ACTION ITEM:
Lines below starting with the line with "finally show ?thesis ." and going on through the line with "using MMS_partition_budgeted[OF ad" must be output exactly; the rest of the records must be left out.

Stored items
text \<open>The witness: the MMS bundles restricted to the goods \<open>1..2n\<close>, the first one padded with the
  dummy goods \<open>m+1..2n\<close>.\<close>
lemma MMS_partition_budgeted:
  fixes w :: "nat \<Rightarrow> real"
  assumes ad: "additive_instance n m v" and nz: "normalized n m v" and i: "i \<in> {1..n}"
    and w: "\<And>g. 0 \<le> w g" "antimono w" "\<And>g. 1 \<le> g \<Longrightarrow> w g = good_value m v i g"
    and a: "0 \<le> a" "a \<le> 1/4" and c: "c + max (1/3 - a) (1 - 4*a) \<le> 1"
  obtains Z where "budgeted_bundles w a c {1..n} Z (\<lambda>_. 1)" "(\<Union>j\<in>{1..n}. Z j) = {1..2*n}"
proof -
  obtain P where P: "is_partition n {1..m} P" "\<And>j. j \<in> {1..n} \<Longrightarrow> val m v i (P j) = 1"
    using normalized_partition[OF nz i] by metis
  define Z where "Z = (\<lambda>j. P j \<inter> {1..2*n} \<union> (if j = 1 then {m+1..2*n} else {}))"
  have "1 \<le> n" using i by simp
  note Z = padded_partition[OF P(1) this Z_def]
  have "within_budget w a c (Z j) 1" if j: "j \<in> {1..n}" for j
  proof -
    have Zj: "Z j \<subseteq> {1..2*n}" using Z(1) j by blast
    then have fin: "finite (Z j)" by (rule finite_subset) simp
    have "sum w (Z j) = val m v i (Z j)"
      using Zj by (auto simp: val_eq_sum_good_value[OF fin] w(3) intro!: sum.cong)
    also have "\<dots> \<le> 1" using val_le_bundle[OF ad i P(2)[OF j] Z(3)[OF j]] .
    finally have "sum w (Z j) \<le> 1" .
    then have "excess w a (Z j) \<le> max (1/3 - a) (1 - 4*a)" using excess_le[OF fin w(1,2) _ a] by blast
    then show ?thesis using fin \<open>sum w (Z j) \<le> 1\<close> c by (simp add: within_budget_def)
  qed
  then have "budgeted_bundles w a c {1..n} Z (\<lambda>_. 1)"
    using Z(1,2) by (simp add: budgeted_bundles_def)
  then show thesis using that Z(1) by blast
qed

lemma sum_initbag_nested:
  "(\<Sum>k\<in>{1..n}. f (val m v i (initbag n k)))
     = (\<Sum>t<n. f (good_value m v i (1+t) + good_value m v i (1+2*n-1-t)))"
proof -
  have "(\<Sum>k\<in>{1..n}. f (val m v i (initbag n k))) = (\<Sum>t<n. f (val m v i (initbag n (Suc t))))"
    by (simp add: sum.atLeast1_atMost_eq)
  also have "\<dots> = (\<Sum>t<n. f (good_value m v i (1+t) + good_value m v i (1+2*n-1-t)))"
  proof (rule sum.cong)
    fix t assume "t \<in> {..<n}"
    then have "2*n - Suc t + 1 = 1+2*n-1-t" by auto
    with \<open>t \<in> {..<n}\<close> show "f (val m v i (initbag n (Suc t))) = f (good_value m v i (1+t) + good_value m v i (1+2*n-1-t))"
      using val_initbag[of "Suc t" n m v i] by simp
  qed simp
  finally show ?thesis .
qed

lemma N2_capped_sum_le:
  assumes d: "0 \<le> \<delta>" "\<delta> \<le> 0.011" and oni: "ONI \<delta> n m v" and i: "i \<in> {1..n}"
    and "i \<notin> N1 n m v"
  shows "(\<Sum>k\<in>{1..n}. max (val m v i (initbag n k)) (3/4 + \<delta> + val m v i {2*n+1})) \<le> n"
proof -
  have ad: "additive_instance n m v" and ord: "ordered n m v" and nz: "normalized n m v"
    and irr: "irreducible n m v (3/4 + \<delta>)" using oni unfolding ONI_def by auto
  define w where "w = (\<lambda>g. good_value m v i (max 1 g))"
  define a :: real where "a = 1/4 - \<delta>"
  define c where "c = 3/4 + \<delta> + val m v i {2*n+1}"
  have w_eq: "\<And>g. 1 \<le> g \<Longrightarrow> w g = good_value m v i g" by (simp add: w_def max_def)
  have w_nonneg: "\<And>g. 0 \<le> w g" using good_value_nonneg[OF ad i] by (simp add: w_def)
  have w_anti: "antimono w"
    unfolding w_def by (intro antimonoI good_value_antimono[OF ad ord i]) auto
  have "val m v i {1} < 3/4 + \<delta>" using irr i unfolding irreducible_def by blast
  then have w0: "w 0 < 1 - a" unfolding a_def w_def by simp
  have w_le: "w g \<le> 1 - a" for g
  proof -
    have "w g \<le> w 0" using w_anti by (simp add: antimono_def)
    then show ?thesis using w0 by linarith
  qed
  have x: "val m v i {2*n+1} < 1/12 + \<delta>" by (rule N2_val_2n1_less[OF oni i \<open>i \<notin> N1 n m v\<close>])
  have budget: "c + max (1/3 - a) (1 - 4*a) \<le> 1" and "c \<le> 1"
    using x d unfolding a_def c_def by (auto simp: max_def)
  have a: "0 \<le> a" "a \<le> 1/4" using d unfolding a_def by auto
  obtain Z where Z: "budgeted_bundles w a c {1..n} Z (\<lambda>_. 1)" "(\<Union>j\<in>{1..n}. Z j) = {1..2*n}"
    using MMS_partition_budgeted[OF ad nz i w_nonneg w_anti w_eq a budget] by blast
  have "matchable w c {1..<1+2*n} (2 * real n)"
    using budgeted_bundles_matchable[OF w_nonneg w_le a(1) \<open>c \<le> 1\<close> Z(1)] Z(2)
    by (simp add: atLeastLessThanSuc_atLeastAtMost)
  then obtain \<sigma> where \<sigma>: "perfect_matching {1..<1+2*n} \<sigma>" "pairing_cost w c {1..<1+2*n} \<sigma> \<le> 2 * real n"
    unfolding matchable_def by blast
  have "(\<Sum>k\<in>{1..n}. max (val m v i (initbag n k)) c) = (\<Sum>t<n. max (w (1+t) + w (1+2*n-1-t)) c)"
    unfolding sum_initbag_nested[of "\<lambda>x. max x c"] using w_eq by simp
  also have "2 * \<dots> \<le> 2 * real n"
    using nested_pairing_cost_le[OF w_anti \<sigma>(1), where c = c] \<sigma>(2) by linarith
  finally show ?thesis unfolding c_def by simp
qed

section \<open>Invariants of approxMMS1\<close>

definition inv_phase :: "nat \<Rightarrow> st \<Rightarrow> bool" where
  "inv_phase n s \<longleftrightarrow> (ph s = 1 \<and> cur s = None \<and> bag s = initbag n) \<or> ph s = 2"

definition inv_current :: "nat \<Rightarrow> st \<Rightarrow> bool" where
  "inv_current n s \<longleftrightarrow> (\<forall>k. cur s = Some k \<longrightarrow> k \<in> {1..n} \<and> bag_free s k)"

definition inv_assignment :: "nat \<Rightarrow> st \<Rightarrow> bool" where
  "inv_assignment n s \<longleftrightarrow> (\<forall>i k. asg s i = Some k \<longrightarrow> i \<in> {1..n} \<and> k \<in> {1..n}) \<and>
     (\<forall>i j k. asg s i = Some k \<longrightarrow> asg s j = Some k \<longrightarrow> i = j)"

definition inv_bags :: "nat \<Rightarrow> nat \<Rightarrow> st \<Rightarrow> bool" where
  "inv_bags n m s \<longleftrightarrow> (\<forall>k. initbag n k \<subseteq> bag s k \<and> bag s k - initbag n k \<subseteq> {2*n+1..m}) \<and>
     (\<forall>k\<in>{1..n}. \<forall>k'\<in>{1..n}. k \<noteq> k' \<longrightarrow> bag s k \<inter> bag s k' = {})"

definition inv_modified :: "nat \<Rightarrow> st \<Rightarrow> bool" where
  "inv_modified n s \<longleftrightarrow>
     (\<forall>k. bag s k \<noteq> initbag n k \<longrightarrow> k \<in> {1..n} \<and> (\<not> bag_free s k \<or> cur s = Some k))"

definition inv_assigned_value :: "real \<Rightarrow> nat \<Rightarrow> (nat \<Rightarrow> nat \<Rightarrow> real) \<Rightarrow> st \<Rightarrow> bool" where
  "inv_assigned_value \<delta> m v s \<longleftrightarrow> (\<forall>i k. asg s i = Some k \<longrightarrow> val m v i (bag s k) \<ge> 3/4 + \<delta>)"

definition inv_unwanted :: "real \<Rightarrow> nat \<Rightarrow> nat \<Rightarrow> (nat \<Rightarrow> nat \<Rightarrow> real) \<Rightarrow> st \<Rightarrow> bool" where
  "inv_unwanted \<delta> n m v s \<longleftrightarrow> (\<forall>j\<in>{1..n}. agent_free s j \<longrightarrow>
     (ph s = 2 \<longrightarrow> (\<forall>k\<in>{1..n}. bag_free s k \<longrightarrow> bag s k = initbag n k \<longrightarrow> val m v j (bag s k) < 3/4 + \<delta>)) \<and>
     (\<forall>k\<in>{1..n}. bag s k \<noteq> initbag n k \<longrightarrow> val m v j (bag s k) < 3/4 + \<delta> + val m v j {2*n+1}))"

ANSWER TO THIS TASK:
  finally show ?thesis .
qed

lemma N2_capped_sum_le:
  assumes d: "0 \<le> \<delta>" "\<delta> \<le> 0.011" and oni: "ONI \<delta> n m v" and i: "i \<in> {1..n}"
    and "i \<notin> N1 n m v"
  shows "(\<Sum>k\<in>{1..n}. max (val m v i (initbag n k)) (3/4 + \<delta> + val m v i {2*n+1})) \<le> n"
proof -
  have ad: "additive_instance n m v" and ord: "ordered n m v" and nz: "normalized n m v"
    and irr: "irreducible n m v (3/4 + \<delta>)" using oni unfolding ONI_def by auto
  define w where "w = (\<lambda>g. good_value m v i (max 1 g))"
  define a :: real where "a = 1/4 - \<delta>"
  define c where "c = 3/4 + \<delta> + val m v i {2*n+1}"
  have w_eq: "\<And>g. 1 \<le> g \<Longrightarrow> w g = good_value m v i g" by (simp add: w_def max_def)
  have w_nonneg: "\<And>g. 0 \<le> w g" using good_value_nonneg[OF ad i] by (simp add: w_def)
  have w_anti: "antimono w"
    unfolding w_def by (intro antimonoI good_value_antimono[OF ad ord i]) auto
  have "val m v i {1} < 3/4 + \<delta>" using irr i unfolding irreducible_def by blast
  then have w0: "w 0 < 1 - a" unfolding a_def w_def by simp
  have w_le: "w g \<le> 1 - a" for g
  proof -
    have "w g \<le> w 0" using w_anti by (simp add: antimono_def)
    then show ?thesis using w0 by linarith
  qed
  have x: "val m v i {2*n+1} < 1/12 + \<delta>" by (rule N2_val_2n1_less[OF oni i \<open>i \<notin> N1 n m v\<close>])
  have budget: "c + max (1/3 - a) (1 - 4*a) \<le> 1" and "c \<le> 1"
    using x d unfolding a_def c_def by (auto simp: max_def)
  have a: "0 \<le> a" "a \<le> 1/4" using d unfolding a_def by auto
  obtain Z where Z: "budgeted_bundles w a c {1..n} Z (\<lambda>_. 1)" "(\<Union>j\<in>{1..n}. Z j) = {1..2*n}"
    using MMS_partition_budgeted[OF ad nz i w_nonneg w_anti w_eq a budget] by blast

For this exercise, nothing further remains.